Ная сделала шаг вперёд и взяла меня за руку – жест простой, но ровный, как измеритель правды.

– Тогда держи меня за руку и держи себя крепко, – сказала она. – Я буду рядом. А если он решит тебя сломать… ну, тогда я сломаю ему нос. Шучу. Или нет.

Я улыбнулась сквозь внезапный прилив слёз, потому что в её «я буду рядом» звучало настоящее спасение: не романтика, а конкретное плечо, плед, чувство защищённости. Внутри меня снова зазвенел тот маленький внутренний конфликт: хочу быть рядом, но боюсь потерять себя.

– А он тебе говорил что-то о себе? – спросила Ная. – Про прошлое, почему он такой?

Я слегка откинула волосы назад плечом – обсуждать чужую семью и его мотивы было как раз то, что я терпеть не могла: спекуляции и догадки

– Ничего. Я вообще не знаю, что с ним происходит. Иногда он как чужой, иногда… я не понимаю, что он делает.

Ная вздохнула, и в этом вздохе был и упрёк, и понимание.

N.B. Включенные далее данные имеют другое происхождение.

(* Let $(X,G)$ be a $G$-system with metric $d$ of diameter $\rho$, and let $\zeta\in\mathcal A[0,\rho]$ satisfy $k(\zeta):=k_m(\zeta)=k_M(\zeta)>0$. With $\zeta_d(x,y)=\zeta(d(x,y))$, $$\overline{\mathrm{mdim}}_{\mathrm M}(X,G,d)=k(\zeta)\,\overline{\mathrm{mdim}}_{\mathrm M}(X,G,\zeta_d),\qquad\underline{\mathrm{mdim}}_{\mathrm M}(X,G,d)=k(\zeta)\,\underline{\mathrm{mdim}}_{\mathrm M}(X,G,\zeta_d).$$
   Context: $G$ is a countable discrete amenable group; a $G$-system is a compact metric space with a continuous $G$-action. $\mathcal A[0,\rho]$ is the set of continuous, increasing, subadditive functions $\zeta:[0,\rho]\to[0,\infty)$ with $\zeta^{-1}(0)=\{0\}$; $k_m(\zeta)=\liminf_{\varepsilon\to0^+}\frac{\log\zeta(\varepsilon)}{\log\varepsilon}$, $k_M(\zeta)=\limsup_{\varepsilon\to0^+}\frac{\log\zeta(\varepsilon)}{\log\varepsilon}$. For a Følner sequence $(F_n)$ and metric $\rho'$, $\rho'_F(x,y)=\max_{g\in F}\rho'(gx,gy)$, $s_F(\rho',\varepsilon,X)$ is the maximal cardinality of a subset whose distinct points have $\rho'_F$-distance $>\varepsilon$; $\overline{\mathrm{mdim}}_{\mathrm M}(X,G,\rho')=\limsup_{\varepsilon\to0}\frac1{|\log\varepsilon|}\limsup_n\frac1{|F_n|}\log s_{F_n}(\rho',\varepsilon,X)$ and $\underline{\mathrm{mdim}}_{\mathrm M}$ the same with $\liminf_{\varepsilon\to0}$ (equivalently with minimal spanning-set cardinalities; independent of the Følner sequence). *)

theory Defs
  imports "HOL-Analysis.Analysis"
begin

text \<open>A G-action of the (multiplicatively thought, additively written) group 'g on 'a.\<close>
definition group_action :: "('g::group_add \<Rightarrow> 'a \<Rightarrow> 'a) \<Rightarrow> bool" where
  "group_action T \<longleftrightarrow> (\<forall>x. T 0 x = x) \<and> (\<forall>g h x. T (g + h) x = T g (T h x))"

definition folner_seq :: "(nat \<Rightarrow> 'g::group_add set) \<Rightarrow> bool" where
  "folner_seq F \<longleftrightarrow> (\<forall>n. finite (F n) \<and> F n \<noteq> {}) \<and>
     (\<forall>g. (\<lambda>n. real (card (((\<lambda>h. g + h) ` F n) - F n \<union> (F n - (\<lambda>h. g + h) ` F n)))
                 / real (card (F n))) \<longlonglongrightarrow> 0)"

definition amenable_group :: "'g::group_add itself \<Rightarrow> bool" where
  "amenable_group _ \<longleftrightarrow> (\<exists>F::nat \<Rightarrow> 'g set. folner_seq F)"

definition bowen :: "('g \<Rightarrow> 'a \<Rightarrow> 'a) \<Rightarrow> ('a \<Rightarrow> 'a \<Rightarrow> real) \<Rightarrow> 'g set \<Rightarrow> 'a \<Rightarrow> 'a \<Rightarrow> real" where
  "bowen T r F x y = Max ((\<lambda>g. r (T g x) (T g y)) ` F)"

text \<open>s_F(\<rho>',\<epsilon>,X), X = UNIV: maximal cardinality of an \<epsilon>-separated set.\<close>
definition sep_num :: "('g \<Rightarrow> 'a \<Rightarrow> 'a) \<Rightarrow> ('a \<Rightarrow> 'a \<Rightarrow> real) \<Rightarrow> 'g set \<Rightarrow> real \<Rightarrow> nat" where
  "sep_num T r F \<epsilon> = Sup {card E | E. finite E \<and>
      (\<forall>x\<in>E. \<forall>y\<in>E. x \<noteq> y \<longrightarrow> bowen T r F x y > \<epsilon>)}"

definition upper_mdimM :: "('g \<Rightarrow> 'a \<Rightarrow> 'a) \<Rightarrow> (nat \<Rightarrow> 'g set) \<Rightarrow> ('a \<Rightarrow> 'a \<Rightarrow> real) \<Rightarrow> ereal" where
  "upper_mdimM T F r = Limsup (at_right 0) (\<lambda>\<epsilon>.
      limsup (\<lambda>n. ereal (ln (real (sep_num T r (F n) \<epsilon>)) / real (card (F n))))
      * ereal (1 / \<bar>ln \<epsilon>\<bar>))"

definition lower_mdimM :: "('g \<Rightarrow> 'a \<Rightarrow> 'a) \<Rightarrow> (nat \<Rightarrow> 'g set) \<Rightarrow> ('a \<Rightarrow> 'a \<Rightarrow> real) \<Rightarrow> ereal" where
  "lower_mdimM T F r = Liminf (at_right 0) (\<lambda>\<epsilon>.
      limsup (\<lambda>n. ereal (ln (real (sep_num T r (F n) \<epsilon>)) / real (card (F n))))
      * ereal (1 / \<bar>ln \<epsilon>\<bar>))"

definition class_A :: "real \<Rightarrow> (real \<Rightarrow> real) \<Rightarrow> bool" where
  "class_A \<rho> \<zeta> \<longleftrightarrow> continuous_on {0..\<rho>} \<zeta> \<and> mono_on {0..\<rho>} \<zeta>
     \<and> (\<forall>s t. 0 \<le> s \<and> 0 \<le> t \<and> s + t \<le> \<rho> \<longrightarrow> \<zeta> (s + t) \<le> \<zeta> s + \<zeta> t)
     \<and> (\<forall>t\<in>{0..\<rho>}. \<zeta> t \<ge> 0)
     \<and> {t\<in>{0..\<rho>}. \<zeta> t = 0} = {0}"

definition k_m :: "(real \<Rightarrow> real) \<Rightarrow> ereal" where
  "k_m \<zeta> = Liminf (at_right 0) (\<lambda>\<epsilon>. ereal (ln (\<zeta> \<epsilon>) / ln \<epsilon>))"

definition k_M :: "(real \<Rightarrow> real) \<Rightarrow> ereal" where
  "k_M \<zeta> = Limsup (at_right 0) (\<lambda>\<epsilon>. ereal (ln (\<zeta> \<epsilon>) / ln \<epsilon>))"

end

theory Submission
  imports Defs
begin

– Слушай, – сказала она вдруг серьёзно, – если ты хочешь быть рядом, делай это осознанно. Не отдавай себя в долг без расписок. И если он ценит твою заботу – пусть это будет видно. Если нет – мы разберёмся. Я не дам тебе тонуть просто потому, что у кого-то снаружи дыра.

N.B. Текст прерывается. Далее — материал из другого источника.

(* For every finite set $Q$, the category $\mathbf{Lam}_Q$ is cartesian closed and the quotient functor $\pi_Q \colon \mathbf{Lam} \to \mathbf{Lam}_Q$ (identity on objects, sending a term to its $\sim_Q$-class) is a cartesian closed functor. Moreover, every partial surjection $f \colon Q \twoheadrightarrow Q'$ between finite sets induces a cartesian closed identity-on-objects functor $\mathbf{Lam}_f \colon \mathbf{Lam}_Q \to \mathbf{Lam}_{Q'}$ such that $\mathbf{Lam}_f \circ \pi_Q = \pi_{Q'}$.
   Context: Simple types are built from a base type $o$ (with the type constructors of the simply typed $\lambda$-calculus, so that $\mathbf{Lam}$ is the free cartesian closed category on one object). $\Lambda(A)$ is the set of closed $\lambda$-terms of type $A$ modulo $\beta\eta$; $\mathbf{Lam}$ has simple types as objects and $\mathbf{Lam}(A,B) = \Lambda(A\Rightarrow B)$. For a finite set $Q$, $[\![-]\!]_Q$ is the standard interpretation in finite sets with $[\![o]\!]_Q = Q$ and $[\![A\Rightarrow B]\!]_Q$ all functions. For each type $A$, $M \sim_Q^A N$ iff $[\![M]\!]_Q = [\![N]\!]_Q$; these relations form a congruence on $\mathbf{Lam}$, and $\mathbf{Lam}_Q = \mathbf{Lam}/\sim_Q$, i.e. $\mathbf{Lam}_Q(A,B) = \Lambda(A\Rightarrow B)/\sim_Q^{A\Rightarrow B}$. A partial surjection $f\colon Q\twoheadrightarrow Q'$ is a relation that is the graph of a partial function surjective onto $Q'$. *)

theory Defs
  imports Main "HOL-Library.FSet"
begin

datatype ty = TyO | TyOne | TyProd ty ty | TyArr ty ty

datatype tm = TVar nat | TAbs ty tm | TApp tm tm | TUnit | TPair tm tm | TFst tm | TSnd tm

inductive typing :: "ty list \<Rightarrow> tm \<Rightarrow> ty \<Rightarrow> bool" where
  t_var: "i < length \<Gamma> \<Longrightarrow> typing \<Gamma> (TVar i) (\<Gamma> ! i)"
| t_abs: "typing (A # \<Gamma>) M B \<Longrightarrow> typing \<Gamma> (TAbs A M) (TyArr A B)"
| t_app: "typing \<Gamma> M (TyArr A B) \<Longrightarrow> typing \<Gamma> N A \<Longrightarrow> typing \<Gamma> (TApp M N) B"
| t_unit: "typing \<Gamma> TUnit TyOne"
| t_pair: "typing \<Gamma> M A \<Longrightarrow> typing \<Gamma> N B \<Longrightarrow> typing \<Gamma> (TPair M N) (TyProd A B)"
| t_fst: "typing \<Gamma> M (TyProd A B) \<Longrightarrow> typing \<Gamma> (TFst M) A"
| t_snd: "typing \<Gamma> M (TyProd A B) \<Longrightarrow> typing \<Gamma> (TSnd M) B"

primrec lift :: "nat \<Rightarrow> tm \<Rightarrow> tm" where
  "lift k (TVar i) = (if i < k then TVar i else TVar (Suc i))"
| "lift k (TAbs A M) = TAbs A (lift (Suc k) M)"
| "lift k (TApp M N) = TApp (lift k M) (lift k N)"
| "lift k TUnit = TUnit"
| "lift k (TPair M N) = TPair (lift k M) (lift k N)"
| "lift k (TFst M) = TFst (lift k M)"
| "lift k (TSnd M) = TSnd (lift k M)"

primrec subst :: "tm \<Rightarrow> nat \<Rightarrow> tm \<Rightarrow> tm" where
  "subst (TVar i) k N = (if i < k then TVar i else if i = k then N else TVar (i - 1))"
| "subst (TAbs A M) k N = TAbs A (subst M (Suc k) (lift 0 N))"
| "subst (TApp M M') k N = TApp (subst M k N) (subst M' k N)"
| "subst TUnit k N = TUnit"
| "subst (TPair M M') k N = TPair (subst M k N) (subst M' k N)"
| "subst (TFst M) k N = TFst (subst M k N)"
| "subst (TSnd M) k N = TSnd (subst M k N)"

text \<open>Typed beta-eta equality (equational theory of the free CCC on one object).\<close>
inductive beq :: "ty list \<Rightarrow> tm \<Rightarrow> tm \<Rightarrow> ty \<Rightarrow> bool" where
  beq_refl: "typing \<Gamma> M A \<Longrightarrow> beq \<Gamma> M M A"
| beq_sym: "beq \<Gamma> M N A \<Longrightarrow> beq \<Gamma> N M A"
| beq_trans: "beq \<Gamma> M N A \<Longrightarrow> beq \<Gamma> N K A \<Longrightarrow> beq \<Gamma> M K A"
| beq_abs: "beq (A # \<Gamma>) M M' B \<Longrightarrow> beq \<Gamma> (TAbs A M) (TAbs A M') (TyArr A B)"
| beq_app: "beq \<Gamma> M M' (TyArr A B) \<Longrightarrow> beq \<Gamma> N N' A \<Longrightarrow> beq \<Gamma> (TApp M N) (TApp M' N') B"
| beq_pair: "beq \<Gamma> M M' A \<Longrightarrow> beq \<Gamma> N N' B \<Longrightarrow> beq \<Gamma> (TPair M N) (TPair M' N') (TyProd A B)"
| beq_fst: "beq \<Gamma> M M' (TyProd A B) \<Longrightarrow> beq \<Gamma> (TFst M) (TFst M') A"
| beq_snd: "beq \<Gamma> M M' (TyProd A B) \<Longrightarrow> beq \<Gamma> (TSnd M) (TSnd M') B"
| beq_beta: "typing (A # \<Gamma>) M B \<Longrightarrow> typing \<Gamma> N A \<Longrightarrow> beq \<Gamma> (TApp (TAbs A M) N) (subst M 0 N) B"
| beq_eta: "typing \<Gamma> M (TyArr A B) \<Longrightarrow> beq \<Gamma> (TAbs A (TApp (lift 0 M) (TVar 0))) M (TyArr A B)"
| beq_fst_pair: "typing \<Gamma> M A \<Longrightarrow> typing \<Gamma> N B \<Longrightarrow> beq \<Gamma> (TFst (TPair M N)) M A"
| beq_snd_pair: "typing \<Gamma> M A \<Longrightarrow> typing \<Gamma> N B \<Longrightarrow> beq \<Gamma> (TSnd (TPair M N)) N B"
| beq_surj_pair: "typing \<Gamma> M (TyProd A B) \<Longrightarrow> beq \<Gamma> (TPair (TFst M) (TSnd M)) M (TyProd A B)"
| beq_unit_eta: "typing \<Gamma> M TyOne \<Longrightarrow> beq \<Gamma> M TUnit TyOne"

text \<open>Universe of semantic values; functions are represented by their (finite) graphs.\<close>
datatype 'q val = VB 'q | VU | VP "'q val" "'q val" | VF "('q val \<times> 'q val) fset"

primrec sdom :: "'q set \<Rightarrow> ty \<Rightarrow> 'q val set" where
  "sdom Q TyO = VB ` Q"
| "sdom Q TyOne = {VU}"
| "sdom Q (TyProd A B) = {VP a b | a b. a \<in> sdom Q A \<and> b \<in> sdom Q B}"
| "sdom Q (TyArr A B) = {VF g | g. \<exists>h. (\<forall>a\<in>sdom Q A. h a \<in> sdom Q B)
                                          \<and> fset g = (\<lambda>a. (a, h a)) ` sdom Q A}"

definition vapp :: "'q val \<Rightarrow> 'q val \<Rightarrow> 'q val" where
  "vapp f v = (case f of VF g \<Rightarrow> (THE w. (v, w) \<in> fset g) | _ \<Rightarrow> undefined)"

definition vfst :: "'q val \<Rightarrow> 'q val" where
  "vfst v = (case v of VP a b \<Rightarrow> a | _ \<Rightarrow> undefined)"

definition vsnd :: "'q val \<Rightarrow> 'q val" where
  "vsnd v = (case v of VP a b \<Rightarrow> b | _ \<Rightarrow> undefined)"

primrec eval :: "tm \<Rightarrow> 'q set \<Rightarrow> 'q val list \<Rightarrow> 'q val" where
  "eval (TVar i) Q \<rho> = \<rho> ! i"
| "eval (TAbs A M) Q \<rho> = VF (Abs_fset ((\<lambda>v. (v, eval M Q (v # \<rho>))) ` sdom Q A))"
| "eval (TApp M N) Q \<rho> = vapp (eval M Q \<rho>) (eval N Q \<rho>)"
| "eval TUnit Q \<rho> = VU"
| "eval (TPair M N) Q \<rho> = VP (eval M Q \<rho>) (eval N Q \<rho>)"
| "eval (TFst M) Q \<rho> = vfst (eval M Q \<rho>)"
| "eval (TSnd M) Q \<rho> = vsnd (eval M Q \<rho>)"

definition sem :: "'q set \<Rightarrow> tm \<Rightarrow> 'q val" where
  "sem Q M = eval M Q []"

record ('o, 'm) cat =
  Obj :: "'o set"
  Hom :: "'o \<Rightarrow> 'o \<Rightarrow> 'm set"
  Idm :: "'o \<Rightarrow> 'm"
  Cmp :: "'o \<Rightarrow> 'o \<Rightarrow> 'o \<Rightarrow> 'm \<Rightarrow> 'm \<Rightarrow> 'm"  \<comment> \<open>Cmp A B C g f = g o f for f : A -> B, g : B -> C\<close>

Я рассмеялась горьковато и, может быть, слишком быстро:

– Отлично. План – не тонуть. Классный девиз.

Мы опять пошли дальше. По дороге я рассказывала ей случаи: как он однажды оставил на моём блокноте кривой набросок домика, как в коридоре выдал «не лезь», как ночью снимал с моего лица ресничку. Ная в ответ вздыхала, спорила, давала советы и, главное, слушала – до тех пор, пока я не почувствовала, что её присутствие сделало мне легче: мысли перестали быть крошечными острыми камнями и стали чем-то, что можно поднимать, рассматривать и класть обратно.

– Знаешь что, – сказала Ная, когда мы уже почти дошли до её дома, – будь рядом. Но если он начнёт закрываться и затягивать тебя в свою тишину, не стесняйся сбежать в мою комнату. Я заварю чай, дадим ему шанс объясниться, а если не объяснится – вместе продумаем, как дать ему понять, что я вижу его насквозь.

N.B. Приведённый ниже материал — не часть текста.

text \<open>The quotient \<open>chi'/chi\<close> is treated as a
  single function \<open>G\<close>, which vanishes at \<open>phi1\<close> and has derivative \<open>chi''/chi\<close> there.\<close>
lemma jacobian_sysF:
  fixes \<gamma> \<phi>1 :: real and V1 V2 chi chi1 chi2 :: "real \<Rightarrow> real"
  assumes V1: "(V1 has_real_derivative V2 \<phi>1) (at \<phi>1)"
    and chi: "(chi has_real_derivative chi1 \<phi>1) (at \<phi>1)"
             "(chi1 has_real_derivative chi2 \<phi>1) (at \<phi>1)"
    and "chi \<phi>1 \<noteq> 0" and crit: "chi1 \<phi>1 = 0"
  shows "jacobian (sysF \<gamma> V1 chi chi1) (at (vector [0, 0, 1, \<phi>1])) =
           M4 \<gamma> ((\<gamma> - 2)/2) ((4 - 3*\<gamma>)/(2 * sqrt 6) * (chi2 \<phi>1 / chi \<phi>1)) (sqrt (2/3))"
proof (rule jacobian_eqI)
  define G where "G s = chi1 s / chi s" for s
  let ?p = "vector [0, 0, 1, \<phi>1] :: real^4"
  have V1': "((\<lambda>u::real^4. V1 (u$4)) has_derivative (\<lambda>h. V2 \<phi>1 * h$4)) (at ?p)"
    by (rule has_derivative_comp_vec_nth) (simp add: V1)
  have G': "((\<lambda>u::real^4. G (u$4)) has_derivative (\<lambda>h. chi2 \<phi>1 / chi \<phi>1 * h$4)) (at ?p)"
    unfolding G_def
    by (rule has_derivative_comp_vec_nth)
       (simp add: log_derivative_at_critical_point[of chi chi1 \<phi>1 chi2, OF chi \<open>chi \<phi>1 \<noteq> 0\<close> crit])
  have G0: "G \<phi>1 = 0" by (simp add: G_def crit)
  show "(sysF \<gamma> V1 chi chi1 has_derivative
          (\<lambda>h. M4 \<gamma> ((\<gamma> - 2)/2) ((4 - 3*\<gamma>)/(2 * sqrt 6) * (chi2 \<phi>1 / chi \<phi>1)) (sqrt (2/3)) *v h))
          (at ?p)"
    unfolding sysF_def Let_def G_def[symmetric]
    apply (rule has_derivative_vec_componentwise)
    apply (simp only: forall_4)
    apply (intro conjI; simp;
           (rule derivative_eq_intros has_derivative_vec_nth V1' G' | simp)+;
           simp add: M4_def matrix_vector_mult_def sum_4 fun_eq_iff G0 ac_simps)
    done
qed

lemma jacobian_planarF:
  fixes \<gamma> \<phi>1 :: real and chi chi1 chi2 :: "real \<Rightarrow> real"
  assumes chi: "(chi has_real_derivative chi1 \<phi>1) (at \<phi>1)"
               "(chi1 has_real_derivative chi2 \<phi>1) (at \<phi>1)"
    and "chi \<phi>1 \<noteq> 0" and crit: "chi1 \<phi>1 = 0"
  shows "jacobian (planarF \<gamma> chi chi1) (at (vector [0, \<phi>1])) =
           M2 ((\<gamma> - 2)/2) ((4 - 3*\<gamma>)/(2 * sqrt 6) * (chi2 \<phi>1 / chi \<phi>1)) (sqrt (2/3))"
proof (rule jacobian_eqI)
  define G where "G s = chi1 s / chi s" for s
  let ?q = "vector [0, \<phi>1] :: real^2"
  have G': "((\<lambda>u::real^2. G (u$2)) has_derivative (\<lambda>h. chi2 \<phi>1 / chi \<phi>1 * h$2)) (at ?q)"
    unfolding G_def
    by (rule has_derivative_comp_vec_nth)
       (simp add: log_derivative_at_critical_point[of chi chi1 \<phi>1 chi2, OF chi \<open>chi \<phi>1 \<noteq> 0\<close> crit])
  have G0: "G \<phi>1 = 0" by (simp add: G_def crit)
  show "(planarF \<gamma> chi chi1 has_derivative
          (\<lambda>h. M2 ((\<gamma> - 2)/2) ((4 - 3*\<gamma>)/(2 * sqrt 6) * (chi2 \<phi>1 / chi \<phi>1)) (sqrt (2/3)) *v h))
          (at ?q)"
    unfolding planarF_def Let_def G_def[symmetric]
    apply (rule has_derivative_vec_componentwise)
    apply (simp only: forall_2)
    apply (intro conjI; simp;
           (rule derivative_eq_intros has_derivative_vec_nth G' | simp)+;
           simp add: M2_def matrix_vector_mult_def sum_2 fun_eq_iff G0 ac_simps)
    done
qed

section \<open>Characteristic polynomials and eigenvalues\<close>

lemma det_4:
  "det (A::'a::comm_ring_1^4^4) =
      A$1$1 * A$2$2 * A$3$3 * A$4$4 - A$1$1 * A$2$2 * A$3$4 * A$4$3
    - A$1$1 * A$2$3 * A$3$2 * A$4$4 + A$1$1 * A$2$3 * A$3$4 * A$4$2
    + A$1$1 * A$2$4 * A$3$2 * A$4$3 - A$1$1 * A$2$4 * A$3$3 * A$4$2
    - A$1$2 * A$2$1 * A$3$3 * A$4$4 + A$1$2 * A$2$1 * A$3$4 * A$4$3
    + A$1$2 * A$2$3 * A$3$1 * A$4$4 - A$1$2 * A$2$3 * A$3$4 * A$4$1
    - A$1$2 * A$2$4 * A$3$1 * A$4$3 + A$1$2 * A$2$4 * A$3$3 * A$4$1
    + A$1$3 * A$2$1 * A$3$2 * A$4$4 - A$1$3 * A$2$1 * A$3$4 * A$4$2
    - A$1$3 * A$2$2 * A$3$1 * A$4$4 + A$1$3 * A$2$2 * A$3$4 * A$4$1
    + A$1$3 * A$2$4 * A$3$1 * A$4$2 - A$1$3 * A$2$4 * A$3$2 * A$4$1
    - A$1$4 * A$2$1 * A$3$2 * A$4$3 + A$1$4 * A$2$1 * A$3$3 * A$4$2
    + A$1$4 * A$2$2 * A$3$1 * A$4$3 - A$1$4 * A$2$2 * A$3$3 * A$4$1
    - A$1$4 * A$2$3 * A$3$1 * A$4$2 + A$1$4 * A$2$3 * A$3$2 * A$4$1"
proof -
  have f1: "finite {2::4, 3, 4}" "1 \<notin> {2::4, 3, 4}" by auto
  have f2: "finite {3::4, 4}" "2 \<notin> {3::4, 4}" by auto
  have f3: "finite {4::4}" "3 \<notin> {4::4}" by auto
  show ?thesis
    unfolding det_def UNIV_4
    unfolding sum_over_permutations_insert[OF f1] sum_over_permutations_insert[OF f2]
      sum_over_permutations_insert[OF f3] permutes_sing
    by (simp add: sign_swap_id permutation_swap_id sign_compose sign_id swap_id_eq
        permutation_compose algebra_simps)
qed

Я кивнула, потому что в её словах было не только юмор, но и план: «быть рядом» с защитой, с границами. И это было как манометр – маленький, практичный, дающий опору.

Дверь Наи тихо захлопнулась за нами, и на кухне разлился аромат корицы и чеснока от её полуготового ужина. Мы поставили кружки на стол, и я ощутила лёгкость: просто проговорить всё вслух – словно вернуть себе часть себя. Ная коснулась меня локтем, подмигнула и сказала:

– Ты сделала шаг, Иви. Это уже не просто «не знать». Это движение.

Я улыбнулась – настоящей, не наигранной. Внутри что-то тихо согрелось: это не давало ответов на все вопросы, но шептало обещание – беречь себя, даже если сердце тянется идти рядом.

***

Ная получила сообщение от кого-то из знакомых – короткое: «Пляж. Сейчас. Музыка, огни, приходите». Она посмотрела на меня с тем тихим вызовом, который она использует, когда хочет, чтобы я вышла из своей скорлупы хотя бы на одну ночь. Я хотела отказаться. Я хотела остаться в этом мягком мире лампочек и чая, где Ная варила кофе и всем казалось, что тревога – это только плохой сон. Но в конце концов я надела кеды, потому что иногда хочется посмотреть, как выглядит твой страх в ночном свете.

– Пойдём? – спросила Ная, уже вешая на плечо сумку с пледом. Её глаза горели от любопытства. – Там Джеймс будет, и ещё ребята с нашего курса. Будет шумно. Будет весело.

– Шумно – это пожалуйста, – ответила я, хотя в груди дрогнуло что-то, похожее на предчувствие. – Весело – спорно.

Мы шли по улицам, будто переходя из одного мира в другой: из домашней тишины в место, где город дышал громче. Уже на подходе к пляжу бас проваливался в грудь как тяжёлое облако; над песком плясали фонарики и фонари, кто-то разжигал маленькие костры в металлических бочках. Музыка, смешанная с солёным ветром, пахла как что-то запретное и притягательное одновременно.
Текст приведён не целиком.